─── Entries supplied ───
lemma cmod_eigval_diff_ge:
  assumes "1 \<le> h" "h \<le> n" "1 \<le> j" "j \<le> n" "j \<noteq> h"
  shows "4 * cmod \<sigma> * sin (pi / (2 * real (n + 1))) * nearest_gap_sin n h \<le> cmod (eigval h - eigval j)"
proof -
  have "4 * cmod \<sigma> * sin (pi / (2 * real (n + 1))) * nearest_gap_sin n h
      = 2 * cmod \<sigma> * (2 * sin (pi / (2 * real (n + 1))) * nearest_gap_sin n h)"
    by simp
  also have "\<dots> \<le> 2 * cmod \<sigma> * \<bar>cos (real h * pi / real (n + 1)) - cos (real j * pi / real (n + 1))\<bar>"
    using cos_grid_gap_ge[OF assms] by (intro mult_left_mono) auto
  finally show ?thesis by (simp only: cmod_eigval_diff)
qed

lemma cmod_eigval_diff_attained:
  assumes "2 \<le> n" "1 \<le> h" "h \<le> n"
  obtains j where "1 \<le> j" "j \<le> n" "j \<noteq> h"
    "cmod (eigval h - eigval j) = 4 * cmod \<sigma> * sin (pi / (2 * real (n + 1))) * nearest_gap_sin n h"
proof -
  obtain j where "1 \<le> j" "j \<le> n" "j \<noteq> h"
    "\<bar>cos (real h * pi / real (n + 1)) - cos (real j * pi / real (n + 1))\<bar>
       = 2 * sin (pi / (2 * real (n + 1))) * nearest_gap_sin n h"
    using assms by (rule cos_grid_gap_attained)
  then show thesis using that[of j] by (simp add: cmod_eigval_diff)
qed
───
| Your objective |
Go through the material above line by line and copy it exactly.

| Answer section |
lemma cmod_eigval_diff_ge:
  assumes "1 \<le> h" "h \<le> n" "1 \<le> j" "j \<le> n" "j \<noteq> h"
  shows "4 * cmod \<sigma> * sin (pi / (2 * real (n + 1))) * nearest_gap_sin n h \<le> cmod (eigval h - eigval j)"
proof -
  have "4 * cmod \<sigma> * sin (pi / (2 * real (n + 1))) * nearest_gap_sin n h
      = 2 * cmod \<sigma> * (2 * sin (pi / (2 * real (n + 1))) * nearest_gap_sin n h)"
    by simp
  also have "\<dots> \<le> 2 * cmod \<sigma> * \<bar>cos (real h * pi / real (n + 1)) - cos (real j * pi / real (n + 1))\<bar>"
    using cos_grid_gap_ge[OF assms] by (intro mult_left_mono) auto
  finally show ?thesis by (simp only: cmod_eigval_diff)
qed

lemma cmod_eigval_diff_attained:
  assumes "2 \<le> n" "1 \<le> h" "h \<le> n"
  obtains j where "1 \<le> j" "j \<le> n" "j \<noteq> h"
    "cmod (eigval h - eigval j) = 4 * cmod \<sigma> * sin (pi / (2 * real (n + 1))) * nearest_gap_sin n h"
proof -
  obtain j where "1 \<le> j" "j \<le> n" "j \<noteq> h"
    "\<bar>cos (real h * pi / real (n + 1)) - cos (real j * pi / real (n + 1))\<bar>
       = 2 * sin (pi / (2 * real (n + 1))) * nearest_gap_sin n h"
    using assms by (rule cos_grid_gap_attained)
  then show thesis using that[of j] by (simp add: cmod_eigval_diff)
qed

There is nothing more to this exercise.